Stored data
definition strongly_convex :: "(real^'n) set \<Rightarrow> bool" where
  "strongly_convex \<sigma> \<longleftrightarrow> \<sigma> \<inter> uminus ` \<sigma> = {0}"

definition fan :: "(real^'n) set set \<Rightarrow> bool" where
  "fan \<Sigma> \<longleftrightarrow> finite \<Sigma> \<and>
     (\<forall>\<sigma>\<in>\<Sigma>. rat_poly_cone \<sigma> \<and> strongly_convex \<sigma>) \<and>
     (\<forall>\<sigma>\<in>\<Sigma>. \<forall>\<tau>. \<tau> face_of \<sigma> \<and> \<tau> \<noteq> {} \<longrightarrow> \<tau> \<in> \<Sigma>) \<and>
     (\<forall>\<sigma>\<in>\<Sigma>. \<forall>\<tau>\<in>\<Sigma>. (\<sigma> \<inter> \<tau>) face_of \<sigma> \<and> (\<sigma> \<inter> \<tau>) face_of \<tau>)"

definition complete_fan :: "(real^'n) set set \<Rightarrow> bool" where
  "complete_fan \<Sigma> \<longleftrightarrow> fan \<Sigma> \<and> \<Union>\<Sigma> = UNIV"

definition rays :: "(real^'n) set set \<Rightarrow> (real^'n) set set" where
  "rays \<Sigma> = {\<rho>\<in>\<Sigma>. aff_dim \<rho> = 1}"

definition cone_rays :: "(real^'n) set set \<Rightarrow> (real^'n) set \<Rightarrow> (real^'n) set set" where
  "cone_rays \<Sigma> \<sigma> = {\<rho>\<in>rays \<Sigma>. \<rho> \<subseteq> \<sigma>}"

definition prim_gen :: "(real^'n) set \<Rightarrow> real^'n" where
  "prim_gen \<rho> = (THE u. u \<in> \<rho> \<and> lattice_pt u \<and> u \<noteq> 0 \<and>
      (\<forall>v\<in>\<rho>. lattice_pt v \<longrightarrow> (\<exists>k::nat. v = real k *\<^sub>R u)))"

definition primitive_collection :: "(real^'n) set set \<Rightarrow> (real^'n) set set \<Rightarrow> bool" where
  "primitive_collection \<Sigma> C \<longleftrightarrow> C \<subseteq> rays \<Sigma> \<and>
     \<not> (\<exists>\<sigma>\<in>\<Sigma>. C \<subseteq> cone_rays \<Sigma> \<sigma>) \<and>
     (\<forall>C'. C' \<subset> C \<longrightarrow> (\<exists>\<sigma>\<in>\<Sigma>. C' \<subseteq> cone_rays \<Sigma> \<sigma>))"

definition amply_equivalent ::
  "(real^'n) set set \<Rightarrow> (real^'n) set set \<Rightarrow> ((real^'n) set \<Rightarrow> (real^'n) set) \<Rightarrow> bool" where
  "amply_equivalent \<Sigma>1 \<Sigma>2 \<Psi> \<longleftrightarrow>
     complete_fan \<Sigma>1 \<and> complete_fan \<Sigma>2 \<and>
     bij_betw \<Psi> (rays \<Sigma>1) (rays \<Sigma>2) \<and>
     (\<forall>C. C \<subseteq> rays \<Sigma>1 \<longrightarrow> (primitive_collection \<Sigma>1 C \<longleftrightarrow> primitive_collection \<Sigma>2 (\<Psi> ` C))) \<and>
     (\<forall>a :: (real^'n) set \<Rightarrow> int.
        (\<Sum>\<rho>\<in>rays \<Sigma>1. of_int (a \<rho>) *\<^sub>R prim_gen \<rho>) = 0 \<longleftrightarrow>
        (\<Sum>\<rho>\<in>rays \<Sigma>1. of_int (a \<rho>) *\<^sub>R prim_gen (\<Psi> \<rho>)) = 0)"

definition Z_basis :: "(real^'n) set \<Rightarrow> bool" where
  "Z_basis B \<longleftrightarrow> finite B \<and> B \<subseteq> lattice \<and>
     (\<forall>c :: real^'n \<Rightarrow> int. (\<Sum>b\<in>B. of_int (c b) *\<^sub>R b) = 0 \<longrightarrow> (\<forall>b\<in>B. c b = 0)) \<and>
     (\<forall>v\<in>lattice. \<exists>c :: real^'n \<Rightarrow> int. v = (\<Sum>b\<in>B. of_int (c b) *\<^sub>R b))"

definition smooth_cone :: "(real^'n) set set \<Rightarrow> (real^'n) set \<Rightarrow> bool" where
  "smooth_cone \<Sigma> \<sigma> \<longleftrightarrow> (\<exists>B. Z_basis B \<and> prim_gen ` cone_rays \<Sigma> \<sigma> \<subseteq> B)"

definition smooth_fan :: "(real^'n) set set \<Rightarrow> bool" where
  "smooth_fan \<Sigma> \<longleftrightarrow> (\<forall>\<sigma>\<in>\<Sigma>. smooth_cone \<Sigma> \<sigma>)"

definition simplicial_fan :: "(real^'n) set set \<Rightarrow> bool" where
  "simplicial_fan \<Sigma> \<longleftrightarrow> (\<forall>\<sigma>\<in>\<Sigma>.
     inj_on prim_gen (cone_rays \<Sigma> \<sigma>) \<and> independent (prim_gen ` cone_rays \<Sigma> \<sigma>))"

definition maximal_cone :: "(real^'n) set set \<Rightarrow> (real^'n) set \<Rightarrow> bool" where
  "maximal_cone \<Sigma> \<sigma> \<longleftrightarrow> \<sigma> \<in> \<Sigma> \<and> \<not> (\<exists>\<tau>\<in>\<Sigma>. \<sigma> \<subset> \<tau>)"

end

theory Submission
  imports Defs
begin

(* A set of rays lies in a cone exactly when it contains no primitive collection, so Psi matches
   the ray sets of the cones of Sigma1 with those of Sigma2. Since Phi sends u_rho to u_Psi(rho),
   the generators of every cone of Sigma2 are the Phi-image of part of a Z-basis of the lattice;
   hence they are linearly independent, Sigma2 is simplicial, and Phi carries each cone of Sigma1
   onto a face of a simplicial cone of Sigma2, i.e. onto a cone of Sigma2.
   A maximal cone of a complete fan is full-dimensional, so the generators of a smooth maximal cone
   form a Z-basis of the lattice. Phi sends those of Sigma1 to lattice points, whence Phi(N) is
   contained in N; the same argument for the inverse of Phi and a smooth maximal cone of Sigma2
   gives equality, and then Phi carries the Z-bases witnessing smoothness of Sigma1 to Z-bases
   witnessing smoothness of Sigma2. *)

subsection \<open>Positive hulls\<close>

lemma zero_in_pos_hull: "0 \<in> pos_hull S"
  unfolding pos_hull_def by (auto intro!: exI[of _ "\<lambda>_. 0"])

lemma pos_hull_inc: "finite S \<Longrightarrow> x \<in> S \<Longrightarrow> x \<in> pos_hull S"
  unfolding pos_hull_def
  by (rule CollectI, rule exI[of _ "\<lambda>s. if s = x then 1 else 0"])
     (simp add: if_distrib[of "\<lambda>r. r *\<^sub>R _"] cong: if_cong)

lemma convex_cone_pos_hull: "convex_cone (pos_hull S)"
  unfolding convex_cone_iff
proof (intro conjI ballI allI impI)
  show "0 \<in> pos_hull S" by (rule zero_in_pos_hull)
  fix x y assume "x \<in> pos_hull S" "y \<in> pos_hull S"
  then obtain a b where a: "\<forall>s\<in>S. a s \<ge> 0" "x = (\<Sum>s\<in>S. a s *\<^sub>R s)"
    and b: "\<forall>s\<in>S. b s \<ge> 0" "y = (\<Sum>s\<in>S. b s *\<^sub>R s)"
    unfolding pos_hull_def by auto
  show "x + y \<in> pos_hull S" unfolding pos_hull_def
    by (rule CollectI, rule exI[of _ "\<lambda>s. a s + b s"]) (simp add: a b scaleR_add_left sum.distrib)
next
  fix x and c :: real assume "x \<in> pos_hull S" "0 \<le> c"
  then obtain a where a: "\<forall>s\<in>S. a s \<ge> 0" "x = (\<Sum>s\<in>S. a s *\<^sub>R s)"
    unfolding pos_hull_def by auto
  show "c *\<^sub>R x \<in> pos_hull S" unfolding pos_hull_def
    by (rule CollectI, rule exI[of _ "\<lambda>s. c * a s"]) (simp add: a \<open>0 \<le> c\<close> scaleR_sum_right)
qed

*WHAT TO PRODUCE*.
Look above for the line holding "complete_fan \<Sigma>1 \<and>" and the line holding "(\<forall>a :: (real^'n)", then output exactly those two lines and every line between them, nothing more.

*PROBLEM SOLUTION*.
     complete_fan \<Sigma>1 \<and> complete_fan \<Sigma>2 \<and>
     bij_betw \<Psi> (rays \<Sigma>1) (rays \<Sigma>2) \<and>
     (\<forall>C. C \<subseteq> rays \<Sigma>1 \<longrightarrow> (primitive_collection \<Sigma>1 C \<longleftrightarrow> primitive_collection \<Sigma>2 (\<Psi> ` C))) \<and>
     (\<forall>a :: (real^'n) set \<Rightarrow> int.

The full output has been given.